Boosting Few-shot Action Recognition with Graph-guided Hybrid Matching

paper_url: http://arxiv.org/abs/2308.09346
repo_url: https://github.com/jiazheng-xing/gghm
paper_authors: Jiazheng Xing, Mengmeng Wang, Yudi Ruan, Bofan Chen, Yaowei Guo, Boyu Mu, Guang Dai, Jingdong Wang, Yong Liu
for: 本文提出了一种新的几何匹配框架（GgHM），用于解决几何捕捉异常分类问题。
methods: 本文使用图 neural network 引导构建任务特有的特征，并对这些特征进行内部和间部特征相关性优化。然后，本文提出了一种混合匹配策略，将帧级匹配和元组级匹配相结合，以便将视频匹配到多种样式。最后，本文还提出了一种可学习的细致时间模型，以增强视频特征的时间表示，为匹配过程建立更加坚实的基础。
results: GgHM 在多个几何捕捉数据集上实现了一致性好于其他挑战性基准点，证明了我们的方法的有效性。

Abstract
Class prototype construction and matching are core aspects of few-shot action recognition. Previous methods mainly focus on designing spatiotemporal relation modeling modules or complex temporal alignment algorithms. Despite the promising results, they ignored the value of class prototype construction and matching, leading to unsatisfactory performance in recognizing similar categories in every task. In this paper, we propose GgHM, a new framework with Graph-guided Hybrid Matching. Concretely, we learn task-oriented features by the guidance of a graph neural network during class prototype construction, optimizing the intra- and inter-class feature correlation explicitly. Next, we design a hybrid matching strategy, combining frame-level and tuple-level matching to classify videos with multivariate styles.

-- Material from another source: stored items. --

lemma exp_neg_two_mult_le_one_minus:
  fixes y :: real
  assumes "0 \<le> y" "y \<le> 1/2"
  shows "exp (-2 * y) \<le> 1 - y"
proof -
  have "-2 * y \<le> - y - 2 * y\<^sup>2"
    using assms mult_left_mono[of "2 * y" 1 y] by (simp add: power2_eq_square)
  also have "\<dots> \<le> ln (1 - y)" using assms by (rule ln_one_minus_pos_lower_bound)
  finally show ?thesis using assms by (simp add: ln_ge_iff)
qed

lemma local_factor_le_one:
  fixes q :: real
  assumes "1 < q"
  shows "(1 - m / q) / (1 - 1 / q) ^ m \<le> 1"
proof -
  have "1 + m * (- 1 / q) \<le> (1 + (- 1 / q)) ^ m"
    using assms by (intro Bernoulli_inequality) simp
  then show ?thesis using assms by simp
qed

lemma local_factor_ge_exp:
  fixes q :: real
  assumes q: "1 < q" "2 * m < q"
  shows "exp (-2 * m\<^sup>2 / q\<^sup>2) \<le> (1 - m / q) / (1 - 1 / q) ^ m"
proof -
  have "0 \<le> 1 / (q - 1)" using q by simp
  then have "1 + m * (1 / (q - 1)) \<le> (1 + 1 / (q - 1)) ^ m"
    by (intro Bernoulli_inequality) linarith
  moreover have "1 + 1 / (q - 1) = inverse (1 - 1 / q)" using q by (simp add: field_simps)
  moreover have "m / q \<le> m / (q - 1)" using q by (intro divide_left_mono) auto
  ultimately have "1 + m / q \<le> inverse ((1 - 1 / q) ^ m)"
    by (simp add: power_inverse)
  then have "(1 - m / q) * (1 + m / q) \<le> (1 - m / q) * inverse ((1 - 1 / q) ^ m)"
    using q by (intro mult_left_mono) (auto simp: field_simps)
  then have "1 - (m / q)\<^sup>2 \<le> (1 - m / q) / (1 - 1 / q) ^ m"
    by (simp add: power2_eq_square algebra_simps divide_inverse)
  moreover have "exp (-2 * (m / q)\<^sup>2) \<le> 1 - (m / q)\<^sup>2"
  proof (rule exp_neg_two_mult_le_one_minus)
    have "(m / q)\<^sup>2 \<le> (1/2)\<^sup>2" using q by (intro power_mono) (auto simp: field_simps)
    then show "(m / q)\<^sup>2 \<le> 1/2" by (rule order_trans) (simp add: power2_eq_square)
  qed simp
  ultimately show ?thesis by (simp add: power_divide)
qed

lemma sum_inverse_squares_greaterThanAtMost_le:
  assumes "0 < k"
  shows "(\<Sum>i\<in>{k<..n}. 1 / (real i)\<^sup>2) \<le> 1 / k"
proof (cases "k \<le> n")
  case True
  have "(\<Sum>i\<in>{k<..n}. 1 / (real i)\<^sup>2) \<le> 1 / k - 1 / n"
    using True
  proof (induction n rule: dec_induct)
    case (step n)
    have n: "0 < real n" using assms step.hyps by simp
    have "1 / (real (Suc n))\<^sup>2 \<le> 1 / (real n * real (Suc n))"
      using n by (intro divide_left_mono mult_pos_pos) (auto simp: power2_eq_square)
    also have "\<dots> = 1 / n - 1 / Suc n" using n by (simp add: field_simps)
    finally have "1 / (real (Suc n))\<^sup>2 \<le> 1 / n - 1 / Suc n" .
    moreover have "{k<..Suc n} = insert (Suc n) {k<..n}" using step.hyps by auto
    ultimately show ?case using step.IH by simp
  qed simp
  then show ?thesis by (rule order_trans) simp
qed simp

lemma convergent_prod_le_one_bounded_below:
  fixes f :: "nat \<Rightarrow> real"
  assumes pos: "\<And>n. 0 < f n" and le1: "\<And>n. f n \<le> 1"
    and b: "0 < b" "\<And>n. b \<le> (\<Prod>i\<le>n. f i)"
  shows "convergent_prod f" "b \<le> prodinf f"
proof -
  have inverse_le: "(\<Prod>i<n. inverse (f i)) \<le> inverse b" for n
  proof -
    have "(\<Prod>i\<le>n. f i) \<le> (\<Prod>i<n. f i)"
      using pos le1 by (simp add: lessThan_Suc_atMost[symmetric] mult_left_le prod_nonneg less_imp_le)
    then have "b \<le> (\<Prod>i<n. f i)" using b(2) order_trans by blast
    then have "inverse (\<Prod>i<n. f i) \<le> inverse b" using b(1) by (rule le_imp_inverse_le)
    then show ?thesis using prod_inversef[of f "{..<n}"] by (simp add: o_def)
  qed
  have "1 \<le> inverse (f n)" for n using pos le1 by (simp add: one_le_inverse)
  then have "convergent_prod (\<lambda>n. inverse (f n))"
    using inverse_le by (rule convergent_prodI_nonneg_bounded)
  then show conv: "convergent_prod f" by (simp only: convergent_prod_inverse_iff)
  show "b \<le> prodinf f"
    by (rule LIMSEQ_le_const[OF convergent_prod_LIMSEQ[OF conv]]) (use b(2) in auto)
qed

definition small_primes_factor :: "nat \<Rightarrow> nat \<Rightarrow> real" where
  "small_primes_factor m p =
     (if prime p \<and> p dvd primorial_first m then (real p / (real p - 1)) ^ (m - 1) else 1)"

definition large_primes_factor :: "nat \<Rightarrow> nat \<Rightarrow> real" where
  "large_primes_factor m p =
     (if prime p \<and> \<not> p dvd primorial_first m then (1 - m / real p) / (1 - 1 / real p) ^ m else 1)"

lemma singular_series_Hm_eq:
  assumes m: "0 < m"
  shows "singular_series (Hm m) = (\<Prod>p. small_primes_factor m p * large_primes_factor m p)"
  unfolding singular_series_def
proof (rule prodinf_cong)
  fix p :: nat
  let ?N = "primorial_first m"
  have card: "card (Hm m) = m"
    unfolding Hm_def using primorial_first_pos[of m] by (simp add: card_multiples)
  show "(if prime p then (1 - nu p (Hm m) / real p) / (1 - 1 / real p) ^ card (Hm m) else 1) =
      small_primes_factor m p * large_primes_factor m p"
  proof (cases "prime p")
    case prime: True
    then have p: "1 < real p" using prime_gt_1_nat[OF prime] by simp
    show ?thesis
    proof (cases "p dvd ?N")
      case True
      then have "nu p (Hm m) = 1"
        unfolding Hm_def using m by (intro nu_multiples_of_divisor) simp_all
      moreover have "(1 - 1 / real p) / (1 - 1 / real p) ^ m = (real p / (real p - 1)) ^ (m - 1)"
        using p m by (cases m) (simp_all add: field_simps)
      ultimately show ?thesis
        using prime True card unfolding small_primes_factor_def large_primes_factor_def by simp
    next
      case False
      then have "nu p (Hm m) = m"
        unfolding Hm_def using prime_not_dvd_primorial_first_gt[OF prime False] prime
        by (intro nu_multiples_coprime) simp_all
      then show ?thesis
        using prime False card unfolding small_primes_factor_def large_primes_factor_def by simp
    qed
  qed (simp add: small_primes_factor_def large_primes_factor_def)
qed

lemma small_primes_factor_ge_one: "1 \<le> small_primes_factor m p"
proof (cases "prime p")
  case True
  then have "1 < real p" using prime_gt_1_nat by simp
  then have "1 \<le> real p / (real p - 1)" by simp
  then show ?thesis unfolding small_primes_factor_def by simp
qed (simp add: small_primes_factor_def)

lemma small_primes_factor_prodinf:
  assumes m: "2 \<le> m"
  shows "convergent_prod (small_primes_factor m)"
    and "3 ^ (m - 1) \<le> prodinf (small_primes_factor m)"
proof -
  let ?N = "primorial_first m"
  have "small_primes_factor m p = 1" if "p \<notin> {..?N}" for p
    using that dvd_imp_le[OF _ primorial_first_pos[of m], of p]
    unfolding small_primes_factor_def by auto
  then show conv: "convergent_prod (small_primes_factor m)"
    by (intro convergent_prod_finite[of "{..?N}"]) auto
  have "nth_prime 0 dvd ?N" "nth_prime 1 dvd ?N"
    using m by (simp_all add: nth_prime_dvd_primorial_first)
  then have "2 dvd ?N" "3 dvd ?N" unfolding nth_prime_0 nth_prime_1 .
  then have "small_primes_factor m 2 = 2 ^ (m - 1)" "small_primes_factor m 3 = (3/2) ^ (m - 1)"
    unfolding small_primes_factor_def by simp_all
  moreover have "{..<4::nat} = {0, 1, 2, 3}" by auto
  ultimately have "(\<Prod>p<4. small_primes_factor m p) = 3 ^ (m - 1)"
    by (simp add: small_primes_factor_def power_mult_distrib[symmetric])
  moreover have "(\<Prod>p<4. small_primes_factor m p) \<le> prodinf (small_primes_factor m)"
    using conv small_primes_factor_ge_one order_trans[OF zero_le_one]
    by (intro prod_le_prodinf) auto
  ultimately show "3 ^ (m - 1) \<le> prodinf (small_primes_factor m)" by simp
qed

lemma large_primes_factor_eq_one: "p \<le> 2 * m \<Longrightarrow> large_primes_factor m p = 1"
  unfolding large_primes_factor_def using prime_not_dvd_primorial_first_gt[of p m] by auto

lemma large_primes_factor_le_one: "large_primes_factor m p \<le> 1"
  unfolding large_primes_factor_def using prime_gt_1_nat[of p]
  by (auto intro: local_factor_le_one)

lemma large_primes_factor_ge_exp: "exp (-2 * (real m)\<^sup>2 / (real p)\<^sup>2) \<le> large_primes_factor m p"
proof (cases "prime p \<and> \<not> p dvd primorial_first m")
  case True
  then have "1 < real p" "2 * real m < real p"
    using prime_gt_1_nat prime_not_dvd_primorial_first_gt[of p m] by auto
  then have "exp (-2 * (real m)\<^sup>2 / (real p)\<^sup>2) \<le> (1 - m / real p) / (1 - 1 / real p) ^ m"
    by (rule local_factor_ge_exp)
  then show ?thesis using True unfolding large_primes_factor_def by simp
next
  case False
  then have "large_primes_factor m p = 1"
    unfolding large_primes_factor_def by (rule if_not_P)
  moreover have "-2 * (real m)\<^sup>2 / (real p)\<^sup>2 \<le> 0" by (simp add: divide_nonpos_nonneg)
  ultimately show ?thesis by simp
qed

lemma large_primes_factor_pos: "0 < large_primes_factor m p"
  using large_primes_factor_ge_exp exp_gt_zero order_less_le_trans by blast

lemma prod_large_primes_factor_ge:
  assumes m: "0 < m"
  shows "exp (- real m) \<le> (\<Prod>p\<le>n. large_primes_factor m p)"
proof -
  have "2 * (real m)\<^sup>2 * (\<Sum>p\<in>{2*m<..n}. 1 / (real p)\<^sup>2) \<le>
      2 * (real m)\<^sup>2 * (1 / real (2 * m))"
    using m by (intro mult_left_mono sum_inverse_squares_greaterThanAtMost_le) auto
  also have "\<dots> = m" using m by (simp add: power2_eq_square)
  finally have "exp (- real m) \<le> exp (- (2 * (real m)\<^sup>2 * (\<Sum>p\<in>{2*m<..n}. 1 / (real p)\<^sup>2)))"
    by simp
  also have "\<dots> = (\<Prod>p\<in>{2*m<..n}. exp (-2 * (real m)\<^sup>2 / (real p)\<^sup>2))"
    by (simp add: exp_sum[symmetric] sum_distrib_left sum_negf[symmetric])
  also have "\<dots> \<le> (\<Prod>p\<in>{2*m<..n}. large_primes_factor m p)"
    by (intro prod_mono conjI large_primes_factor_ge_exp) simp
  also have "\<dots> = (\<Prod>p\<le>n. large_primes_factor m p)"
    by (intro prod.mono_neutral_left) (auto simp: large_primes_factor_eq_one)
  finally show ?thesis .
qed

lemma large_primes_factor_prodinf:
  assumes "0 < m"
  shows "convergent_prod (large_primes_factor m)"
    and "exp (- real m) \<le> prodinf (large_primes_factor m)"
  using large_primes_factor_pos large_primes_factor_le_one exp_gt_zero
    prod_large_primes_factor_ge[OF assms]
  by (rule convergent_prod_le_one_bounded_below)+

lemma singular_series_Hm_ge:
  assumes m: "2 \<le> m"
  shows "3 ^ (m - 1) * exp (- real m) \<le> singular_series (Hm m)"
proof -
  note small = small_primes_factor_prodinf[OF m]
  note large = large_primes_factor_prodinf[of m]
  have "(0::real) \<le> 3 ^ (m - 1)" by simp
  moreover have "0 \<le> prodinf (small_primes_factor m)"
    using order_trans[OF _ small(2)] by simp
  ultimately have "3 ^ (m - 1) * exp (- real m) \<le>
      prodinf (small_primes_factor m) * prodinf (large_primes_factor m)"
    using small large m by (intro mult_mono) auto
  also have "\<dots> = singular_series (Hm m)"
    using small large m by (simp add: singular_series_Hm_eq prodinf_mult)
  finally show ?thesis .
qed

lemma three_pow_mult_exp_neg_tendsto_at_top:
  "filterlim (\<lambda>m::nat. 3 ^ (m - 1) * exp (- real m) :: real) at_top sequentially"
proof -
  have "1 < 3 / exp (1::real)" using e_less_272 by simp
  then have "filterlim (\<lambda>m::nat. (3 / exp 1) ^ m :: real) at_top sequentially"
    by (intro filterlim_at_infinity_imp_filterlim_at_top filterlim_realpow_sequentially_gt1)
      (auto intro: always_eventually)
  then have lim: "filterlim (\<lambda>m::nat. (3 / exp 1) ^ m * (1 / 3) :: real) at_top sequentially"
    by (rule filterlim_at_top_mult_tendsto_pos[OF tendsto_const, rotated]) simp
  have eq: "(3 / exp 1) ^ m * (1 / 3) = 3 ^ (m - 1) * exp (- real m)" if "1 \<le> m" for m :: nat
  proof -
    have "exp (- real m) = (1 / exp 1) ^ m"
      by (simp add: exp_of_nat_mult[symmetric] exp_minus inverse_eq_divide power_one_over)
    moreover have "(3::real) ^ m = 3 * 3 ^ (m - 1)" using that by (cases m) simp_all
    ultimately show ?thesis by (simp add: power_divide)
  qed
  have "\<forall>\<^sub>F m in sequentially. (3 / exp 1) ^ m * (1 / 3) = 3 ^ (m - 1) * exp (- real m)"
    using eventually_ge_at_top[of 1] by eventually_elim (rule eq)
  with lim show ?thesis by (rule filterlim_cong[OF refl refl, THEN iffD1, rotated])
qed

We additionally propose a learnable dense temporal modeling module to enhance the video feature temporal representation to build a more solid foundation for the matching process. GgHM shows consistent improvements over other challenging baselines on several few-shot datasets, demonstrating the effectiveness of our method. The code will be publicly available at https://github.com/jiazheng-xing/GgHM.

摘要
<>Translate the given text into Simplified Chinese.<>前方法主要集中在设计空间时间关系模型或复杂的时间对Alignment算法。尽管其 promise 的结果，但它们忽略了类prototype构建和匹配的价值，导致每个任务中类似类型的识别性不够。在这篇论文中，我们提出了GgHM，一个新的框架，具有图导向混合匹配。具体来说，我们在类prototype构建过程中，通过图 neural network 的引导，显式地优化内类和外类特征相关性。接着，我们设计了混合匹配策略，将帧级匹配和元组级匹配结合起来，以便在多样化风格下分类视频。此外，我们还提出了一个可学习的紧凑时间模型，以强化视频特征的时间表示，以建立更坚实的匹配基础。GgHM在多个复杂的基准下显示了稳定的改进，证明了我们的方法的有效性。代码将在https://github.com/jiazheng-xing/GgHM上公开。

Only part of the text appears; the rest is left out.